I gave myself the pep talk, took in deep breaths to stabilize my confidence which was not much and took the first step to face the music. My legs became weak and my palms started sweating and I had to drag in deep breaths but the panic within me was growing like darkness. I was about to turn around planning to hide somewhere or to run back to the house with my tail between my legs when someone caught my wrist.

I gasped and turned to find J T standing before me looking at me with concern.

“Are you okay Nina? Alex told me to look for you and he also mentioned this difficulty of yours in facing a crowd.”

“Thank God J T. I was about to run back when you stopped me.”

He gave me a hug and I sagged into him. He took my sweaty palms in his and said “Look at me dear, no one here is going to give you a hard time. I promise you that. But before facing these people you should gather yourself.

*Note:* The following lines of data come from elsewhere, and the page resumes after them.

(* Let $c\in\mathbb{R}^m\setminus\{0\}$ and write every $u\in\mathbb{R}^m$ as $u=(x,y)\in\mathbb{R}\times\mathbb{R}^{m-1}$ with $x=\langle u,c/\|c\|\rangle$ and $y\in c^\perp$ the orthogonal projection of $u$ onto $c^\perp$. Then the support function of $G(c)$ is $$h_{G(c)}(x,y)=\frac{\sqrt{x^2+\|y\|^2}}{\sqrt{2\pi}}\exp\left(\frac{-x^2\|c\|^2}{2(x^2+\|y\|^2)}\right)+\frac{x\|c\|}{2}\operatorname{erf}\left(\frac{x\|c\|}{\sqrt2\sqrt{x^2+\|y\|^2}}\right).$$
   Context: For a convex body $K\subset\mathbb{R}^m$ its support function is $h_K(u)=\sup\{\langle u,x\rangle : x\in K\}$. For an integrable random vector $X\in\mathbb{R}^m$, the Vitale zonoid $\mathbb{E}\underline{X}$ is the convex body with support function $h_{\mathbb{E}\underline{X}}(u)=\frac12\mathbb{E}|\langle u,X\rangle|$. For $c\in\mathbb{R}^m$, $G(c):=\mathbb{E}\underline{c+\xi}$ where $\xi\in\mathbb{R}^m$ is a standard Gaussian vector (mean $0$, identity covariance). The error function is $\operatorname{erf}(t)=\frac{2}{\sqrt\pi}\int_0^t e^{-s^2}\,ds$. *)

theory Defs
  imports "HOL-Probability.Probability"
begin

definition erf :: "real \<Rightarrow> real" where
  "erf t = 2 / sqrt pi * (LBINT s=ereal 0..ereal t. exp (- (s\<^sup>2)))"

definition support_fun :: "'a::real_inner set \<Rightarrow> 'a \<Rightarrow> real" where
  "support_fun K u = (SUP x\<in>K. u \<bullet> x)"

definition std_gauss :: "'a::euclidean_space measure" where
  "std_gauss = density lborel
     (\<lambda>x. ennreal ((2 * pi) powr (- real DIM('a) / 2) * exp (- (norm x)\<^sup>2 / 2)))"

text \<open>The Vitale zonoid of a random vector X on a probability space M:
  the (unique) closed convex set whose support function is
  u \<mapsto> 1/2 E|<u,X>|, i.e. the intersection of the half-spaces
  {z. u\<bullet>z \<le> 1/2 E|<u,X>|}.\<close>
definition vitale_zonoid :: "'b measure \<Rightarrow> ('b \<Rightarrow> 'a::euclidean_space) \<Rightarrow> 'a set" where
  "vitale_zonoid M X = {z. \<forall>u. u \<bullet> z \<le> (1/2) * (\<integral>\<omega>. \<bar>u \<bullet> X \<omega>\<bar> \<partial>M)}"

definition G :: "'a::euclidean_space \<Rightarrow> 'a set" where
  "G c = vitale_zonoid (std_gauss :: 'a measure) (\<lambda>\<xi>. c + \<xi>)"

end

theory Submission
  imports Defs "HOL-Real_Asymp.Real_Asymp"
begin

(* For integrable X the support function of the Vitale zonoid at u is (1/2) E|<u,X>|: every point
   of the zonoid is bounded by it by definition, and the point (1/2) E[sgn(<u,X>) X] lies in the
   zonoid and attains it. The standard Gaussian measure is the image of a product of independent
   standard normals under the basis coordinates, so <u,xi> is centred normal with standard deviation
   |u|, and E|<u,c + xi>| = E|a + |u| Z| with a = <u,c>. This absolute moment is computed with the
   antiderivative (a/2) erf(t/(sqrt 2 s)) - s^2 phi_s(t) of (a + t) phi_s(t). Finally, in the
   coordinates of the statement, x |c| = <u,c> and x^2 + |y|^2 = |u|^2. *)

section \<open>The error function\<close>

lemma erf_has_real_derivative: "(erf has_real_derivative 2 / sqrt pi * exp (- (x\<^sup>2))) (at x)"
proof -
  define a where "a = min 0 x - 1"
  define b where "b = max 0 x + 1"
  have "((\<lambda>t. LBINT s=ereal 0..ereal t. exp (- (s\<^sup>2))) has_vector_derivative exp (- (x\<^sup>2)))
      (at x within {a..b})"
    by (rule interval_integral_FTC2) (auto simp: a_def b_def intro!: continuous_intros)
  also have "at x within {a..b} = at x"
    by (rule at_within_Icc_at) (auto simp: a_def b_def)
  finally show ?thesis
    unfolding erf_def[abs_def] has_real_derivative_iff_has_vector_derivative[symmetric]
    by (rule DERIV_cmult)
qed

lemma erf_minus: "erf (- t) = - erf t"
proof -
  have "(LBINT s=ereal 0..ereal (-t). exp (- (s\<^sup>2))) = (LBINT s=ereal t..ereal 0. exp (- ((-s)\<^sup>2)))"
    by (subst interval_integral_reflect) simp
  also have "\<dots> = - (LBINT s=ereal 0..ereal t. exp (- (s\<^sup>2)))"
    by (subst interval_integral_endpoints_reverse) simp
  finally show ?thesis by (simp add: erf_def)
qed

lemma erf_tendsto_at_top: "(erf \<longlongrightarrow> 1) at_top"
proof -
  have gauss: "set_integrable lborel {0..} (\<lambda>x::real. exp (- x\<^sup>2))"
    "set_lebesgue_integral lborel {0..} (\<lambda>x::real. exp (- x\<^sup>2)) = sqrt pi / 2"
    using gaussian_moment_0
    by (simp_all add: set_integrable_def set_lebesgue_integral_def has_bochner_integral_iff)
  have "((\<lambda>b. set_lebesgue_integral lborel {0..b} (\<lambda>x::real. exp (- x\<^sup>2))) \<longlongrightarrow> sqrt pi / 2) at_top"
    using tendsto_set_lebesgue_integral_at_top[OF _ gauss(1)] gauss(2) by simp
  then have "((\<lambda>b. 2 / sqrt pi * set_lebesgue_integral lborel {0..b} (\<lambda>x::real. exp (- x\<^sup>2)))
      \<longlongrightarrow> 2 / sqrt pi * (sqrt pi / 2)) at_top"
    by (intro tendsto_mult tendsto_const)
  then have "((\<lambda>b. 2 / sqrt pi * set_lebesgue_integral lborel {0..b} (\<lambda>x::real. exp (- x\<^sup>2))) \<longlongrightarrow> 1) at_top"
    by simp
  then show ?thesis
    by (rule Lim_transform_eventually)
      (use eventually_ge_at_top[of "0::real"] in \<open>eventually_elim, simp add: erf_def interval_integral_Icc\<close>)
qed

lemma erf_tendsto_at_bot: "(erf \<longlongrightarrow> -1) at_bot"
proof -
  have "((\<lambda>t. - erf (- t)) \<longlongrightarrow> -1) at_bot"
    by (intro tendsto_minus filterlim_compose[OF erf_tendsto_at_top] filterlim_uminus_at_top_at_bot)
  then show ?thesis by (simp add: erf_minus)
qed

section \<open>The absolute first moment of a shifted centred normal distribution\<close>

lemma normal_density_centred:
  "s > 0 \<Longrightarrow> normal_density 0 s t = exp (- t\<^sup>2 / (2 * s\<^sup>2)) / (sqrt 2 * sqrt pi * s)"
  by (simp add: normal_density_def real_sqrt_mult)

definition normal_abs_primitive :: "real \<Rightarrow> real \<Rightarrow> real \<Rightarrow> real" where
  "normal_abs_primitive s a t = a / 2 * erf (t / (sqrt 2 * s)) - s\<^sup>2 * normal_density 0 s t"

lemma normal_abs_primitive_has_real_derivative:
  assumes "s > 0"
  shows "(normal_abs_primitive s a has_real_derivative (a + t) * normal_density 0 s t) (at t)"
proof -
  have "(normal_abs_primitive s a has_real_derivative
      a / 2 * (2 / sqrt pi * exp (- ((t / (sqrt 2 * s))\<^sup>2)) * (1 / (sqrt 2 * s)))
      - s\<^sup>2 * (exp (- t\<^sup>2 / (2 * s\<^sup>2)) * (- (2 * t) / (2 * s\<^sup>2)) / (sqrt 2 * sqrt pi * s))) (at t)"
    unfolding normal_abs_primitive_def[abs_def] normal_density_centred[OF assms]
    using assms
    by (intro DERIV_diff DERIV_cmult DERIV_chain2[OF erf_has_real_derivative])
      (auto intro!: derivative_eq_intros simp: power2_eq_square)
  then show ?thesis
    by (rule DERIV_cong) (use assms in \<open>simp add: normal_density_centred field_simps\<close>)
qed

lemma normal_abs_primitive_tendsto_at_top:
  assumes "s > 0"
  shows "(normal_abs_primitive s a \<longlongrightarrow> a / 2) at_top"
proof -
  have "((\<lambda>t. a / 2 * erf (t / (sqrt 2 * s)) - s\<^sup>2 * normal_density 0 s t) \<longlongrightarrow> a / 2 * 1 - s\<^sup>2 * 0) at_top"
    using assms unfolding normal_density_def
    by (intro tendsto_intros filterlim_compose[OF erf_tendsto_at_top]) real_asymp+
  then show ?thesis by (simp add: normal_abs_primitive_def[abs_def])
qed

lemma normal_abs_primitive_tendsto_at_bot:
  assumes "s > 0"
  shows "(normal_abs_primitive s a \<longlongrightarrow> - a / 2) at_bot"
proof -
  have "((\<lambda>t. a / 2 * erf (t / (sqrt 2 * s)) - s\<^sup>2 * normal_density 0 s t) \<longlongrightarrow> a / 2 * -1 - s\<^sup>2 * 0) at_bot"
    using assms unfolding normal_density_def
    by (intro tendsto_intros filterlim_compose[OF erf_tendsto_at_bot]) real_asymp+
  then show ?thesis by (simp add: normal_abs_primitive_def[abs_def])
qed

lemma normal_abs_integral_upper_half:
  assumes "s > 0"
  shows "set_integrable lborel (einterval (ereal (- a)) \<infinity>) (\<lambda>t. (a + t) * normal_density 0 s t)"
    and "(LBINT t=ereal (- a)..\<infinity>. (a + t) * normal_density 0 s t) = a / 2 - normal_abs_primitive s a (- a)"
proof -
  note FTC = interval_integral_FTC_nonneg[where a="ereal (- a)" and b=\<infinity> and F="normal_abs_primitive s a"
      and f="\<lambda>t. (a + t) * normal_density 0 s t" and A="normal_abs_primitive s a (- a)" and B="a / 2"]
  note deriv = normal_abs_primitive_has_real_derivative[OF assms]
  have cont: "isCont (\<lambda>t. (a + t) * normal_density 0 s t) t" for t
    unfolding normal_density_def by (intro continuous_intros) (use assms in auto)
  have nonneg: "AE t in lborel. ereal (- a) < ereal t \<longrightarrow> ereal t < \<infinity> \<longrightarrow> 0 \<le> (a + t) * normal_density 0 s t"
    by auto
  have left: "((normal_abs_primitive s a \<circ> real_of_ereal) \<longlongrightarrow> normal_abs_primitive s a (- a)) (at_right (ereal (- a)))"
    unfolding ereal_tendsto_simps1
    using DERIV_isCont[OF deriv] by (simp add: isCont_def filterlim_at_split)
  have right: "((normal_abs_primitive s a \<circ> real_of_ereal) \<longlongrightarrow> a / 2) (at_left \<infinity>)"
    unfolding ereal_tendsto_simps1 by (rule normal_abs_primitive_tendsto_at_top[OF assms])
  show "set_integrable lborel (einterval (ereal (- a)) \<infinity>) (\<lambda>t. (a + t) * normal_density 0 s t)"
    using FTC(1)[OF _ deriv cont nonneg left right] by simp
  show "(LBINT t=ereal (- a)..\<infinity>. (a + t) * normal_density 0 s t) = a / 2 - normal_abs_primitive s a (- a)"
    using FTC(2)[OF _ deriv cont nonneg left right] by simp
qed

lemma normal_abs_integral_lower_half:
  assumes "s > 0"
  shows "set_integrable lborel (einterval (-\<infinity>) (ereal (- a))) (\<lambda>t. - (a + t) * normal_density 0 s t)"
    and "(LBINT t=-\<infinity>..ereal (- a). - (a + t) * normal_density 0 s t) = - normal_abs_primitive s a (- a) - a / 2"
proof -
  note FTC = interval_integral_FTC_nonneg[where a="-\<infinity>" and b="ereal (- a)" and F="\<lambda>t. - normal_abs_primitive s a t"
      and f="\<lambda>t. - (a + t) * normal_density 0 s t" and A="a / 2" and B="- normal_abs_primitive s a (- a)"]
  have deriv: "((\<lambda>t. - normal_abs_primitive s a t) has_real_derivative - (a + t) * normal_density 0 s t) (at t)" for t
    using DERIV_minus[OF normal_abs_primitive_has_real_derivative[OF assms]] by (simp only: minus_mult_left)
  have cont: "isCont (\<lambda>t. - (a + t) * normal_density 0 s t) t" for t
    unfolding normal_density_def by (intro continuous_intros) (use assms in auto)
  have nonneg: "AE t in lborel. -\<infinity> < ereal t \<longrightarrow> ereal t < ereal (- a) \<longrightarrow> 0 \<le> - (a + t) * normal_density 0 s t"
    by (auto intro!: mult_nonneg_nonneg)
  have left: "(((\<lambda>t. - normal_abs_primitive s a t) \<circ> real_of_ereal) \<longlongrightarrow> a / 2) (at_right (-\<infinity>))"
    unfolding ereal_tendsto_simps1
    using tendsto_minus[OF normal_abs_primitive_tendsto_at_bot[OF assms]] by simp
  have right: "(((\<lambda>t. - normal_abs_primitive s a t) \<circ> real_of_ereal) \<longlongrightarrow> - normal_abs_primitive s a (- a))
      (at_left (ereal (- a)))"
    unfolding ereal_tendsto_simps1
    using DERIV_isCont[OF deriv] by (simp add: isCont_def filterlim_at_split)
  show "set_integrable lborel (einterval (-\<infinity>) (ereal (- a))) (\<lambda>t. - (a + t) * normal_density 0 s t)"
    using FTC(1)[OF _ deriv cont nonneg left right] by simp
  show "(LBINT t=-\<infinity>..ereal (- a). - (a + t) * normal_density 0 s t) = - normal_abs_primitive s a (- a) - a / 2"
    using FTC(2)[OF _ deriv cont nonneg left right] by simp
qed

lemma integral_normal_density_abs_shift:
  assumes "s > 0"
  shows "(\<integral>t. normal_density 0 s t * \<bar>a + t\<bar> \<partial>lborel)
      = 2 * s / sqrt (2 * pi) * exp (- a\<^sup>2 / (2 * s\<^sup>2)) + a * erf (a / (sqrt 2 * s))"
proof -
  let ?upper = "einterval (ereal (- a)) \<infinity>" and ?lower = "einterval (-\<infinity>) (ereal (- a))"
  have split: "normal_density 0 s t * \<bar>a + t\<bar> = indicator ?upper t * ((a + t) * normal_density 0 s t)
      + indicator ?lower t * (- (a + t) * normal_density 0 s t)" for t
    by (auto simp: indicator_def einterval_iff abs_if)
  have "(\<integral>t. normal_density 0 s t * \<bar>a + t\<bar> \<partial>lborel)
      = (LBINT t=ereal (- a)..\<infinity>. (a + t) * normal_density 0 s t)
        + (LBINT t=-\<infinity>..ereal (- a). - (a + t) * normal_density 0 s t)"
    unfolding split
    using normal_abs_integral_upper_half(1)[OF assms] normal_abs_integral_lower_half(1)[OF assms]
    by (simp add: interval_lebesgue_integral_def set_lebesgue_integral_def set_integrable_def)
  also have "\<dots> = - 2 * normal_abs_primitive s a (- a)"
    using normal_abs_integral_upper_half(2)[OF assms] normal_abs_integral_lower_half(2)[OF assms] by simp
  also have "\<dots> = 2 * s / sqrt (2 * pi) * exp (- a\<^sup>2 / (2 * s\<^sup>2)) + a * erf (a / (sqrt 2 * s))"
    using assms
    by (simp add: normal_abs_primitive_def normal_density_centred erf_minus real_sqrt_mult field_simps power2_eq_square)
  finally show ?thesis .
qed
definition has_summing_exponent ::
  "nat \<Rightarrow> real \<Rightarrow> real \<Rightarrow> (nat \<Rightarrow> real) set \<Rightarrow> ((nat \<Rightarrow> real) \<Rightarrow> real) \<Rightarrow> ((nat \<Rightarrow> real) \<Rightarrow> real)
     \<Rightarrow> ((nat \<Rightarrow> (nat \<Rightarrow> real)) \<Rightarrow> (nat \<Rightarrow> real)) \<Rightarrow> real \<Rightarrow> bool" where
  "has_summing_exponent m p q E NE NF T s \<longleftrightarrow>
     (\<exists>C\<ge>0. \<forall>n::nat. n \<ge> 1 \<longrightarrow>
        (\<forall>x :: nat \<Rightarrow> nat \<Rightarrow> nat \<Rightarrow> real. (\<forall>i<m. \<forall>k<n. x i k \<in> E) \<longrightarrow>
           (\<Sum>k\<in>PiE {..<m} (\<lambda>_. {..<n}). NF (T (\<lambda>i. if i < m then x i (k i) else (\<lambda>_. 0))) powr p) powr (1/p)
             \<le> C * real n powr s * (\<Prod>i<m. weak_norm E NE q n (x i))))"

lemma eta_mult_eq_Inf:
  "eta_mult m p q E NE F NF =
     Inf {s. \<forall>T. bounded_mlinear m E NE F NF T \<longrightarrow> has_summing_exponent m p q E NE NF T s}"
  by (simp add: eta_mult_def has_summing_exponent_def)

lemma bounded_mlinear_l2_c0_has_summing_exponent:
  assumes p: "p > 0" and q: "q > 0" and T: "bounded_mlinear m l2 l2_norm c0 c0_norm T"
  shows "has_summing_exponent m p q l2 l2_norm c0_norm T (real m / p)"
proof -
  from T obtain C0 where C0: "\<And>xs. xs \<in> tuples m l2 \<Longrightarrow> c0_norm (T xs) \<le> C0 * (\<Prod>i<m. l2_norm (xs i))"
    and Tc0: "\<And>xs. xs \<in> tuples m l2 \<Longrightarrow> T xs \<in> c0"
    unfolding bounded_mlinear_def by blast
  define C where "C = max C0 0"
  have "(\<Sum>k\<in>PiE {..<m} (\<lambda>_. {..<n}). c0_norm (T (\<lambda>i. if i < m then x i (k i) else (\<lambda>_. 0))) powr p) powr (1/p)
      \<le> C * real n powr (real m / p) * (\<Prod>i<m. weak_norm l2 l2_norm q n (x i))"
    if n: "n \<ge> 1" and x: "\<forall>i<m. \<forall>k<n. x i k \<in> l2" for n x
  proof -
    define W where "W = (\<Prod>i<m. weak_norm l2 l2_norm q n (x i))"
    have W: "0 \<le> W" unfolding W_def using q x by (intro prod_nonneg weak_norm_l2_nonneg) auto
    have "0 \<le> c0_norm (T xs) \<and> c0_norm (T xs) \<le> C * W"
      if "k \<in> PiE {..<m} (\<lambda>_. {..<n})" and xs: "xs = (\<lambda>i. if i < m then x i (k i) else (\<lambda>_. 0))" for k xs
    proof
      have k: "i < m \<Longrightarrow> k i < n" for i using that by auto
      have xs_l2: "i < m \<Longrightarrow> xs i \<in> l2" for i using x k by (simp add: xs)
      have tuple: "xs \<in> tuples m l2" using xs_l2 by (simp add: tuples_def xs)
      show "0 \<le> c0_norm (T xs)" using Tc0[OF tuple] by (rule c0_norm_nonneg)
      have "0 \<le> (\<Prod>i<m. l2_norm (xs i))" using xs_l2 by (intro prod_nonneg l2_norm_nonneg) auto
      then have "C0 * (\<Prod>i<m. l2_norm (xs i)) \<le> C * (\<Prod>i<m. l2_norm (xs i))"
        by (intro mult_right_mono) (simp_all add: C_def)
      with C0[OF tuple] have "c0_norm (T xs) \<le> C * (\<Prod>i<m. l2_norm (xs i))" by linarith
      also have "\<dots> \<le> C * W"
        unfolding W_def using q x k xs_l2
        by (intro mult_left_mono prod_mono conjI l2_norm_nonneg) (auto simp: xs C_def intro: l2_norm_le_weak_norm)
      finally show "c0_norm (T xs) \<le> C * W" .
    qed
    then have "(\<Sum>k\<in>PiE {..<m} (\<lambda>_. {..<n}). c0_norm (T (\<lambda>i. if i < m then x i (k i) else (\<lambda>_. 0))) powr p) powr (1/p)
        \<le> real (card (PiE {..<m} (\<lambda>_. {..<n}))) powr (1/p) * (C * W)"
      using p W by (intro sum_powr_root_le) (auto simp: C_def)
    then show ?thesis
      using n by (simp add: card_PiE_lessThan_powr W_def mult.assoc mult.left_commute)
  qed
  then show ?thesis
    unfolding has_summing_exponent_def by (intro exI[of _ C]) (auto simp: C_def)
qed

Be the sister Alex is proud of, be the sister and friend whom I respect very much and be the strong friend Rhea and Jenny says you are and be my Roy’s Nina.”

I nodded my head and looked up at his face. He was right; I can’t always hide like this. At some point in my life I will have to stand up for myself, will have to face a lot of difficult situations and if I can’t even face this function then how was I going to face those obstacles which life haad in  reserve for me?

I gave a weak smile and stood straight. He got the message that I was trying to gather myself and waited patiently by my side. When he felt that I was ready he gently pushed me in the direction from which he came from and kept his hands on my shoulders. When I got the first glimpse of the gathering I gripped JT’s arms in a solid grip and let him drag me into the sea of people.